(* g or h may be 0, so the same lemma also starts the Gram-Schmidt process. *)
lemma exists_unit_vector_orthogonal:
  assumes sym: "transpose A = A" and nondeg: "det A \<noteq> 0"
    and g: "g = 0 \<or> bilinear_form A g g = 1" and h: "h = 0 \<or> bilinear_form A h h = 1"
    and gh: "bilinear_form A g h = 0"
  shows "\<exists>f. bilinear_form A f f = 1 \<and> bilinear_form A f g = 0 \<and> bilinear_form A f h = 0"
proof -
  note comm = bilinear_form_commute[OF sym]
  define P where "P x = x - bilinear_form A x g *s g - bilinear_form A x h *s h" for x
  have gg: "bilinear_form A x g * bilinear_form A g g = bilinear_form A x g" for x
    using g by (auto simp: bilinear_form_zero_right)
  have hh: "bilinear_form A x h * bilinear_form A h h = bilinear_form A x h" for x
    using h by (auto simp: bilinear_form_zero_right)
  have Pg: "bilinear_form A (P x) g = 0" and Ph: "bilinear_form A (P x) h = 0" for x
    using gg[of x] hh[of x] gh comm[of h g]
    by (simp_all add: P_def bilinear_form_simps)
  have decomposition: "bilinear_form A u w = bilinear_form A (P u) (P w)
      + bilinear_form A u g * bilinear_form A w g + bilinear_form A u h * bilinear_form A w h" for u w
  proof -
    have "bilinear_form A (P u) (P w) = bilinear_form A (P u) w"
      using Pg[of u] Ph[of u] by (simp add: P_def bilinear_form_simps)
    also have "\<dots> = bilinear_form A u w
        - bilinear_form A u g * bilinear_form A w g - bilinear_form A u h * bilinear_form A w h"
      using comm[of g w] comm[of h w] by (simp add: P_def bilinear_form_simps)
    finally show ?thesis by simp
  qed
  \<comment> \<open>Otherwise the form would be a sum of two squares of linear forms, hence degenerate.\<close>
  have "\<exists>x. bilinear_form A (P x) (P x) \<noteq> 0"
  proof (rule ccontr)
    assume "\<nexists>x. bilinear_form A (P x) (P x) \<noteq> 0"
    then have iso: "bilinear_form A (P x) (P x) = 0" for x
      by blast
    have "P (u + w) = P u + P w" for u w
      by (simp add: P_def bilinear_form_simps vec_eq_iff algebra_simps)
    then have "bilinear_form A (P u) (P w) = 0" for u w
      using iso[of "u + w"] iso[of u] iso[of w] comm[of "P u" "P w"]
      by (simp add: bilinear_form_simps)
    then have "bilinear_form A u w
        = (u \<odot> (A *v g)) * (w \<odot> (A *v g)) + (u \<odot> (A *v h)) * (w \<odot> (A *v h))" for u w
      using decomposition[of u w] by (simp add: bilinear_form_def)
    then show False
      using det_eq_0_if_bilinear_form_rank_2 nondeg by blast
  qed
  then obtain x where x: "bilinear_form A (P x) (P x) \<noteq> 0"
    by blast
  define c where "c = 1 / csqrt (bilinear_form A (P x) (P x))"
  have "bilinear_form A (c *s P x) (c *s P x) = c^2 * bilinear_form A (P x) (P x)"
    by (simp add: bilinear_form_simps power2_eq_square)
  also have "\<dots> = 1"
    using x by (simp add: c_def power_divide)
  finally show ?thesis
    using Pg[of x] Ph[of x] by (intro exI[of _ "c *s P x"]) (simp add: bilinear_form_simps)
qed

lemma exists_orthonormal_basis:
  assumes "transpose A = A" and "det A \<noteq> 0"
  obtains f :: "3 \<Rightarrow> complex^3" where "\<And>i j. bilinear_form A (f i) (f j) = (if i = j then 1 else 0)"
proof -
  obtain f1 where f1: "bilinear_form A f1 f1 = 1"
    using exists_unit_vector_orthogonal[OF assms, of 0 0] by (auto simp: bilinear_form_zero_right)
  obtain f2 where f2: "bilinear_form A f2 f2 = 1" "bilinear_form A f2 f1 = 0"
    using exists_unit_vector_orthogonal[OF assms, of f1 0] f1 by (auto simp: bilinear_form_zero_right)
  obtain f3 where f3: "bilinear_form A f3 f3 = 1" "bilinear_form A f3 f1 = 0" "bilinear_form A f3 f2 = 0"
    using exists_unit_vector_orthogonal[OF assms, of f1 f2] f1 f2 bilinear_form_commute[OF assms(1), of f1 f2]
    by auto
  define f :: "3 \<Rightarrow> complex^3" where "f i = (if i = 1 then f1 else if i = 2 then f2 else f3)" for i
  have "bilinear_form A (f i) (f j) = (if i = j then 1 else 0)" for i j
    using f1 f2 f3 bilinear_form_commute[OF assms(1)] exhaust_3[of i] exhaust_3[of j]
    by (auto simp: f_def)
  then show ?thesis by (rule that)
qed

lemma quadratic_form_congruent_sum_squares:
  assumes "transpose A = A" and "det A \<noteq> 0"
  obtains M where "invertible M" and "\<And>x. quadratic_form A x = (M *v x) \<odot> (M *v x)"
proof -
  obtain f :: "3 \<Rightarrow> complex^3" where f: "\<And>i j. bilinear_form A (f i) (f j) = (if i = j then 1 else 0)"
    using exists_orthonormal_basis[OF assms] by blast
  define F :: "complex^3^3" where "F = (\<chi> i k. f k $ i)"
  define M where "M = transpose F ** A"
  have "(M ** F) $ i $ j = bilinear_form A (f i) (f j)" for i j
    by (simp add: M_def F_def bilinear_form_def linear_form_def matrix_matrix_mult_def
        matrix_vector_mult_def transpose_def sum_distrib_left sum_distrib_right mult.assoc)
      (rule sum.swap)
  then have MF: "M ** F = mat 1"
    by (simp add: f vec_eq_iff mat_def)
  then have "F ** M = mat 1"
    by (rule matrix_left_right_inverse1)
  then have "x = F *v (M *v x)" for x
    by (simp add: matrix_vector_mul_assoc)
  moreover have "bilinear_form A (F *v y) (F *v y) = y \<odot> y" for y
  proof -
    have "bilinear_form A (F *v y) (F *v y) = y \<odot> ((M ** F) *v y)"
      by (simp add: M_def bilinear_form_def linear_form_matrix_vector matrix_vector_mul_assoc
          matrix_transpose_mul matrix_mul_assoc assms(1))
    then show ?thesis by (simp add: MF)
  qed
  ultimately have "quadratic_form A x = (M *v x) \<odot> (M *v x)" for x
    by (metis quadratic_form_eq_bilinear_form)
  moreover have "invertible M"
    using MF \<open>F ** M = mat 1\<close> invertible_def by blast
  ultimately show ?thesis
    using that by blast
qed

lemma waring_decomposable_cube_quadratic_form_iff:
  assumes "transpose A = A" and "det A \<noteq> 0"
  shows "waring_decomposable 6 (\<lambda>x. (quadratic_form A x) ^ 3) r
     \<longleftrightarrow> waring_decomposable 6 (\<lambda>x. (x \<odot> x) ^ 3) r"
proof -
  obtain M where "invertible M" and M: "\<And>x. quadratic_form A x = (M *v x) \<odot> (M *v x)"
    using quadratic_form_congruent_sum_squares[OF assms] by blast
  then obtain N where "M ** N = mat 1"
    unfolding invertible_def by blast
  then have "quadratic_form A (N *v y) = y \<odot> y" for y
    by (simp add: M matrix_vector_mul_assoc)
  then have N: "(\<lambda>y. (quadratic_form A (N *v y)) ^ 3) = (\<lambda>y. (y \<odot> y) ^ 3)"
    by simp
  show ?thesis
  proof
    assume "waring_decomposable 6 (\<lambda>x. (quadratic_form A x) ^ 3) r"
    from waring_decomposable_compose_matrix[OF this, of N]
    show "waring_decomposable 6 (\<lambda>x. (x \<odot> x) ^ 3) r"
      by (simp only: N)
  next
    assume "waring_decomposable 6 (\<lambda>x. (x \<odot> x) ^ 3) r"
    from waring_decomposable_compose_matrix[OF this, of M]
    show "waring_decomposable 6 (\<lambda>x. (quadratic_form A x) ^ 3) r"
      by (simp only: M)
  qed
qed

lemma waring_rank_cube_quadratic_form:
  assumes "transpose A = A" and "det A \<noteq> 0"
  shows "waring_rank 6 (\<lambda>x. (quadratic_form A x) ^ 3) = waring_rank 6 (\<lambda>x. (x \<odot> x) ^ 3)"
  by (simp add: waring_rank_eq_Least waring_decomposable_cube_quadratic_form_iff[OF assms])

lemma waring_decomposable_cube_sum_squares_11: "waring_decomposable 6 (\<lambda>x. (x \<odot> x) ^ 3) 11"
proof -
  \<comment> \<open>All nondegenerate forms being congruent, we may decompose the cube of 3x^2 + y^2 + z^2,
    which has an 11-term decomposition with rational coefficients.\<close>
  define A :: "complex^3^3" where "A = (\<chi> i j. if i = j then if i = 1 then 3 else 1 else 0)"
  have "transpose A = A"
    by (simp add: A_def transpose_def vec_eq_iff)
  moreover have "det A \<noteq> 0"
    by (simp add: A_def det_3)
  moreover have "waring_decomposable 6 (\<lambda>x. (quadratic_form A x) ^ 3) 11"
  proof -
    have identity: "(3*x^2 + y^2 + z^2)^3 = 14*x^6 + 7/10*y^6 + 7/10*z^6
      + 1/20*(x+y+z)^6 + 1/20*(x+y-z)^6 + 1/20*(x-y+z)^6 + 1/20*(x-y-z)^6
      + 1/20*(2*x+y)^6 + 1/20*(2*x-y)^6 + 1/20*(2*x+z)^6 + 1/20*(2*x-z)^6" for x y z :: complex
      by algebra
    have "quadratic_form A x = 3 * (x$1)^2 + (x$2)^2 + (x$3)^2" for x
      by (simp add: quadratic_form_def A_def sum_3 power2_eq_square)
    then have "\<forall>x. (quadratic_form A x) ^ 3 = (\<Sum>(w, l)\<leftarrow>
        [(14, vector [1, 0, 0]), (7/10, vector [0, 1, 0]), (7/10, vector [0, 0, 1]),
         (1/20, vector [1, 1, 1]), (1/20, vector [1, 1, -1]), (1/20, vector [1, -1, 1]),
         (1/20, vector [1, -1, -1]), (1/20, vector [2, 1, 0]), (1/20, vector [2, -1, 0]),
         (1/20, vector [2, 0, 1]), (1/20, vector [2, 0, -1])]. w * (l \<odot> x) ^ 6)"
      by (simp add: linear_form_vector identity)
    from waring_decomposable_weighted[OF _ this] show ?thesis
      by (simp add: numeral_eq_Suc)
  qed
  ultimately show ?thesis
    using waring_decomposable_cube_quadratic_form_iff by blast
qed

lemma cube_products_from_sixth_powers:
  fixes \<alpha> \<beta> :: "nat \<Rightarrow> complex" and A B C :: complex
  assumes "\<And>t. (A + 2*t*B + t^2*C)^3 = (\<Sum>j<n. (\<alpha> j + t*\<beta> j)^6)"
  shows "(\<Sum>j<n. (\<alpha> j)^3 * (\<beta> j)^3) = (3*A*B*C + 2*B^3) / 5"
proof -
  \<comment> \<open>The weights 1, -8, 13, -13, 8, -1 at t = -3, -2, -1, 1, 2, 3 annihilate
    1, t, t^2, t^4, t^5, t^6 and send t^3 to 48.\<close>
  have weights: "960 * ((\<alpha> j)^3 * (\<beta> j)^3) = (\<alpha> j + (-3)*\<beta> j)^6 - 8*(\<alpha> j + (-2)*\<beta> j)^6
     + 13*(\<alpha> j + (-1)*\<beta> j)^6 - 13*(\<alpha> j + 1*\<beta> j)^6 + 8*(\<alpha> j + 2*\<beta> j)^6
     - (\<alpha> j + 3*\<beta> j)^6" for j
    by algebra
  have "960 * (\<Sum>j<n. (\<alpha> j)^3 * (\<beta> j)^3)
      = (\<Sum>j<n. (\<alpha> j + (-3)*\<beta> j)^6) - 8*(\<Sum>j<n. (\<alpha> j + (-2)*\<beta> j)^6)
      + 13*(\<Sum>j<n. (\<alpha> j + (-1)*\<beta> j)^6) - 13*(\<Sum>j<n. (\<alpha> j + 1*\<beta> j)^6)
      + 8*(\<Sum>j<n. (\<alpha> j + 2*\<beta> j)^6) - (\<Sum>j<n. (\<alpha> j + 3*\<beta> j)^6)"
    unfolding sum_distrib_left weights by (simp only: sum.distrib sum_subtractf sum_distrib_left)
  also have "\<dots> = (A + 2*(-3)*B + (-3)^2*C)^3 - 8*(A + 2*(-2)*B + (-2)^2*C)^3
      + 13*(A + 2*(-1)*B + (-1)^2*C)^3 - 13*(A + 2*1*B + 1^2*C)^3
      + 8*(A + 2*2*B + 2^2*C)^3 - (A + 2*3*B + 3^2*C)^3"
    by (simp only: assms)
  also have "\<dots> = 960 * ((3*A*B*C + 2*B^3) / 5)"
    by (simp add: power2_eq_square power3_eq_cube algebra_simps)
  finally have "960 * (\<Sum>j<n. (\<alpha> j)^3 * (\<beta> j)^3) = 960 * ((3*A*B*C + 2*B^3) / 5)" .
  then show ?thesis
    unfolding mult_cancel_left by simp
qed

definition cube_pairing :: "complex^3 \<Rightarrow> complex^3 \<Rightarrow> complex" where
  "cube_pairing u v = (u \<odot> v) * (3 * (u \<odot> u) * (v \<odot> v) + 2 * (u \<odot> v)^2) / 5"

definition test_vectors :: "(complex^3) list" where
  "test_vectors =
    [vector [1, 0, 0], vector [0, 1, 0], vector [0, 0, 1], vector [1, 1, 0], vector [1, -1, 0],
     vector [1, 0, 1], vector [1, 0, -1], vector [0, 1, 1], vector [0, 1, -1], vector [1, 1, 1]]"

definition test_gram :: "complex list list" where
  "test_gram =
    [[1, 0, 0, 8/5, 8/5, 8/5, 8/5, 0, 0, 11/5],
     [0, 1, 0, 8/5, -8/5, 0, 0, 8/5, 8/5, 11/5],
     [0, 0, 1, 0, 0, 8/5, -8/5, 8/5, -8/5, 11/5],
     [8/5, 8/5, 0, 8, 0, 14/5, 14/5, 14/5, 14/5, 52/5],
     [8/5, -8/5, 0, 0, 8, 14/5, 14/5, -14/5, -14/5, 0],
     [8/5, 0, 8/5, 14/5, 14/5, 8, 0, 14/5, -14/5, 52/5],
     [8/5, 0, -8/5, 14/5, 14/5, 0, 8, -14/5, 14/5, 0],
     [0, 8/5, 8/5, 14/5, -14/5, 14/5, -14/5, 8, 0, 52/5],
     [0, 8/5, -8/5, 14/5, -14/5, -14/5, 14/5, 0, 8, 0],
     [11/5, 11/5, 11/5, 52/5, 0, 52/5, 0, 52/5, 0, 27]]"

--

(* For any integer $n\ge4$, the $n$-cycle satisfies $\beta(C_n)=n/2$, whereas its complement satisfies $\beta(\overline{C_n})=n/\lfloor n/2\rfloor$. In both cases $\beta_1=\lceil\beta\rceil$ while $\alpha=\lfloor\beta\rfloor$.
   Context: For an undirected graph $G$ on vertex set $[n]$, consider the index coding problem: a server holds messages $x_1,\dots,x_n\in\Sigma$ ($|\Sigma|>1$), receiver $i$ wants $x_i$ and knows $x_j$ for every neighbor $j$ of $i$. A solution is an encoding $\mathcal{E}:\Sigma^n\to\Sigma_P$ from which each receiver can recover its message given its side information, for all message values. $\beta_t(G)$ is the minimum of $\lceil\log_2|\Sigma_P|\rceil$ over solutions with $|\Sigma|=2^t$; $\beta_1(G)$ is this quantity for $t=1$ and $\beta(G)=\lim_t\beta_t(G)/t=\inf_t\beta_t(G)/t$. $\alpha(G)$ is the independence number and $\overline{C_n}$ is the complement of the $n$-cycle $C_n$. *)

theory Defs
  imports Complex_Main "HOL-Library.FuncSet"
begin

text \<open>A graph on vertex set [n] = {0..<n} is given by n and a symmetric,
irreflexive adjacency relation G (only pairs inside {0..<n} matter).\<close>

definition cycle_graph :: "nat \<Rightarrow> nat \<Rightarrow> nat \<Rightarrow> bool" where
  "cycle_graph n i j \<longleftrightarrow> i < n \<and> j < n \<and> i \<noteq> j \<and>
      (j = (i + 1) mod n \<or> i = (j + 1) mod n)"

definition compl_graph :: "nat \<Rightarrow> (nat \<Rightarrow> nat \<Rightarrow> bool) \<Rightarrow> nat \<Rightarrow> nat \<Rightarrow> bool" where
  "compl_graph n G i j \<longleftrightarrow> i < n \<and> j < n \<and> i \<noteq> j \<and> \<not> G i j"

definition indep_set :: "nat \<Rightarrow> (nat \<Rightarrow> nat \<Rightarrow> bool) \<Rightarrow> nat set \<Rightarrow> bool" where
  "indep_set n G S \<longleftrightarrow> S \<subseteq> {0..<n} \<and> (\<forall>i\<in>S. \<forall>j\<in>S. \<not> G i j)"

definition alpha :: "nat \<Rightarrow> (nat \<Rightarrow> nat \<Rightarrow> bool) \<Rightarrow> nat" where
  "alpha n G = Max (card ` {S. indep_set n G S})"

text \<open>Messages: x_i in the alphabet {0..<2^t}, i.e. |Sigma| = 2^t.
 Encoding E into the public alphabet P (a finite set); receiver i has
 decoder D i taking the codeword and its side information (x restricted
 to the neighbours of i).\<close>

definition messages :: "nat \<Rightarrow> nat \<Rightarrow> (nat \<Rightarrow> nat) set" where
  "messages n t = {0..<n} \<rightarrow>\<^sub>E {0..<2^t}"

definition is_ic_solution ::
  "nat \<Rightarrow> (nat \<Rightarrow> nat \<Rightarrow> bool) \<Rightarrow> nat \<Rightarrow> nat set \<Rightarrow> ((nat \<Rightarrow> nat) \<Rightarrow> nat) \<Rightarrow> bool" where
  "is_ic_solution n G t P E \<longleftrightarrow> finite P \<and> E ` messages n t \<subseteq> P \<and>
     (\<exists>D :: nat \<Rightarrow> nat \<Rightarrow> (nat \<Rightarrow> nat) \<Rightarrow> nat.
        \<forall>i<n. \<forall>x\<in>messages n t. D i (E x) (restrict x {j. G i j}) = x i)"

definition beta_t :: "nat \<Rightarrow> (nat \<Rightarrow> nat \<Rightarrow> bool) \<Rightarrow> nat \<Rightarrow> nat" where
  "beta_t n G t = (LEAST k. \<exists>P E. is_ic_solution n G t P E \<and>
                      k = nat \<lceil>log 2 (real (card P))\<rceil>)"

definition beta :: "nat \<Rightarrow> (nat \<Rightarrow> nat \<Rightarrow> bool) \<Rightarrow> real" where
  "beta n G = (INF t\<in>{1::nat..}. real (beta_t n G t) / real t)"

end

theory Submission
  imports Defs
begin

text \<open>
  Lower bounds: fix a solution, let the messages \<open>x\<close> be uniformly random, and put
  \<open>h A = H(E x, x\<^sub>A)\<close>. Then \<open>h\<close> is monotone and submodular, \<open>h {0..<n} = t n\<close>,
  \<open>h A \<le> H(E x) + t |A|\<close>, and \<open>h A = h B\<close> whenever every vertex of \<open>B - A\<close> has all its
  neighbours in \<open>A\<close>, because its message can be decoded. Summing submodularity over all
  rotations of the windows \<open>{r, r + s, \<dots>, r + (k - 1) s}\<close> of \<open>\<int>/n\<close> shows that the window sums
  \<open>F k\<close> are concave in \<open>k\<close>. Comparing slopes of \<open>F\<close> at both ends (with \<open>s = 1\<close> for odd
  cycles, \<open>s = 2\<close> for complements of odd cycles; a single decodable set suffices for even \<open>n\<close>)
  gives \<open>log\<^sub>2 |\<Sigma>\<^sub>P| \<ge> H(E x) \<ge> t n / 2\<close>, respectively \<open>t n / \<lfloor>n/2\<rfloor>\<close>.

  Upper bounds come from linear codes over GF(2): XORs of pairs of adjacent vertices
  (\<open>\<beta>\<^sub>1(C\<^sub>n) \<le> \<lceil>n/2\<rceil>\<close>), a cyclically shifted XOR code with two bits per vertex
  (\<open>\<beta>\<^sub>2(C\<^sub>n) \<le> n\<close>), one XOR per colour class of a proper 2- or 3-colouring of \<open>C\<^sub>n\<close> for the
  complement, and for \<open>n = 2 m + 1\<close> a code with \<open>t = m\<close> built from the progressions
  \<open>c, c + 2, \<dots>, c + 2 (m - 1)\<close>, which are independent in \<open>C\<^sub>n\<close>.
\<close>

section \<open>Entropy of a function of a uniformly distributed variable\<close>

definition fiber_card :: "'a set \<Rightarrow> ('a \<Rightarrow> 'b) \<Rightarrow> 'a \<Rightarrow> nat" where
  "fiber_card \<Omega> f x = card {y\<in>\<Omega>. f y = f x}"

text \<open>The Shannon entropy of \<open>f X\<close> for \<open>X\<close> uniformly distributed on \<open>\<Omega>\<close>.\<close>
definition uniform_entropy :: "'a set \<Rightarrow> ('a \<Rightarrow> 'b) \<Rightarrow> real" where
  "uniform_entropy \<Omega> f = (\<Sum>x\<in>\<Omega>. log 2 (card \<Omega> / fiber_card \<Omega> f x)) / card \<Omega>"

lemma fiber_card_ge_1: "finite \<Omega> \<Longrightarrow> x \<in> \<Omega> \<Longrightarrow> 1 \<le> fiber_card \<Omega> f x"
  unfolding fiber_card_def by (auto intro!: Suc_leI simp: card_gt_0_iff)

* * *

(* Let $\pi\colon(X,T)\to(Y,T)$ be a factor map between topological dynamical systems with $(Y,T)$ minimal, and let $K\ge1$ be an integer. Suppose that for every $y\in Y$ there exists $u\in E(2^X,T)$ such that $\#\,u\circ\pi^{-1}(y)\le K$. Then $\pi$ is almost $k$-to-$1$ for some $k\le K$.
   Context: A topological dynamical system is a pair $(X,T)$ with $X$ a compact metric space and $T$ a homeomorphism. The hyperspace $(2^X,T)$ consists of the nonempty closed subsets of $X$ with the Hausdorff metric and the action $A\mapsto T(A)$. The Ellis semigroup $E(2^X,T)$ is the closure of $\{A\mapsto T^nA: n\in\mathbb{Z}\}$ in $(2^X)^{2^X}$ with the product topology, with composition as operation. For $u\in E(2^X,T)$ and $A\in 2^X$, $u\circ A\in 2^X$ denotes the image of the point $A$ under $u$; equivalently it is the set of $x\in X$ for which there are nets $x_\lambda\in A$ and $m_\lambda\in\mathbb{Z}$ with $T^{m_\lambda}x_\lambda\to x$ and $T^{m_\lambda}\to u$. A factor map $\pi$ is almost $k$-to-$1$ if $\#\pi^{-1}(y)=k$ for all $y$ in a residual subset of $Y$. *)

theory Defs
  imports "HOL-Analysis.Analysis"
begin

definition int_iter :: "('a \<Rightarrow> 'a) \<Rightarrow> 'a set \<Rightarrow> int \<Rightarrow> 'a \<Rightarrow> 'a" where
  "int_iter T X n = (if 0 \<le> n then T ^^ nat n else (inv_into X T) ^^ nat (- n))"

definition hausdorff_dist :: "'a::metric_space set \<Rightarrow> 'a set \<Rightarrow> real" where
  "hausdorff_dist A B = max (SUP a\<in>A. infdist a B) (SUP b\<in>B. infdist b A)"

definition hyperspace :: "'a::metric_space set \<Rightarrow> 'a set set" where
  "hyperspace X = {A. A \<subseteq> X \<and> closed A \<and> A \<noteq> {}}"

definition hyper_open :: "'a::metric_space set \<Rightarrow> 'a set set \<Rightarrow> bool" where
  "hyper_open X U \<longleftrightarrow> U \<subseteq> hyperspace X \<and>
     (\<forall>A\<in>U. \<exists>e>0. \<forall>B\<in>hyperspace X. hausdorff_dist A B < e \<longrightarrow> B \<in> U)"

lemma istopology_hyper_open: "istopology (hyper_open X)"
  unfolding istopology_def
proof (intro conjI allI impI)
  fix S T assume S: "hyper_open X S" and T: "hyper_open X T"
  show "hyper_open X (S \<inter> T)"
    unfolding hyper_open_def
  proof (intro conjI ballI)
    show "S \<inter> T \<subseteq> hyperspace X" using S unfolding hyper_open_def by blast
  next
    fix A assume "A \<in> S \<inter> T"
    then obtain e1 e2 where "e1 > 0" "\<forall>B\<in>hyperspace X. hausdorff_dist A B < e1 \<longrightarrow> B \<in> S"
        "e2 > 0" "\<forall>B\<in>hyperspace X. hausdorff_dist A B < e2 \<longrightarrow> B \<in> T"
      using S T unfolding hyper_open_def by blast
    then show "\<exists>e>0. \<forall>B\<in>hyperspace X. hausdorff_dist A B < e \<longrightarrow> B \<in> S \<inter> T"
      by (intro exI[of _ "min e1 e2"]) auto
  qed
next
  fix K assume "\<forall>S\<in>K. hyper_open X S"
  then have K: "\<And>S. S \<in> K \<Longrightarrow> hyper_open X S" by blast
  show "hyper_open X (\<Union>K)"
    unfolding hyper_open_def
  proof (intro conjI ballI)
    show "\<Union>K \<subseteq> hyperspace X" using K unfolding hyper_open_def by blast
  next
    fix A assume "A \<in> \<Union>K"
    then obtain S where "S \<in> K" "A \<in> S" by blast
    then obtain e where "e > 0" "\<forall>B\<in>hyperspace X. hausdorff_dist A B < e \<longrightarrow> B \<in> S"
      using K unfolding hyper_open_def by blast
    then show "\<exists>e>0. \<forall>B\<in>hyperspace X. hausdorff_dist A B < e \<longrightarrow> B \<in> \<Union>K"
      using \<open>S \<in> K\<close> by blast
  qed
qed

Task goal –
Each line in the data that holds the string "rceil" should be found and copied.

Task response –
(* For any integer $n\ge4$, the $n$-cycle satisfies $\beta(C_n)=n/2$, whereas its complement satisfies $\beta(\overline{C_n})=n/\lfloor n/2\rfloor$. In both cases $\beta_1=\lceil\beta\rceil$ while $\alpha=\lfloor\beta\rfloor$.
   Context: For an undirected graph $G$ on vertex set $[n]$, consider the index coding problem: a server holds messages $x_1,\dots,x_n\in\Sigma$ ($|\Sigma|>1$), receiver $i$ wants $x_i$ and knows $x_j$ for every neighbor $j$ of $i$. A solution is an encoding $\mathcal{E}:\Sigma^n\to\Sigma_P$ from which each receiver can recover its message given its side information, for all message values. $\beta_t(G)$ is the minimum of $\lceil\log_2|\Sigma_P|\rceil$ over solutions with $|\Sigma|=2^t$; $\beta_1(G)$ is this quantity for $t=1$ and $\beta(G)=\lim_t\beta_t(G)/t=\inf_t\beta_t(G)/t$. $\alpha(G)$ is the independence number and $\overline{C_n}$ is the complement of the $n$-cycle $C_n$. *)
                      k = nat \<lceil>log 2 (real (card P))\<rceil>)"
  (\<open>\<beta>\<^sub>1(C\<^sub>n) \<le> \<lceil>n/2\<rceil>\<close>), a cyclically shifted XOR code with two bits per vertex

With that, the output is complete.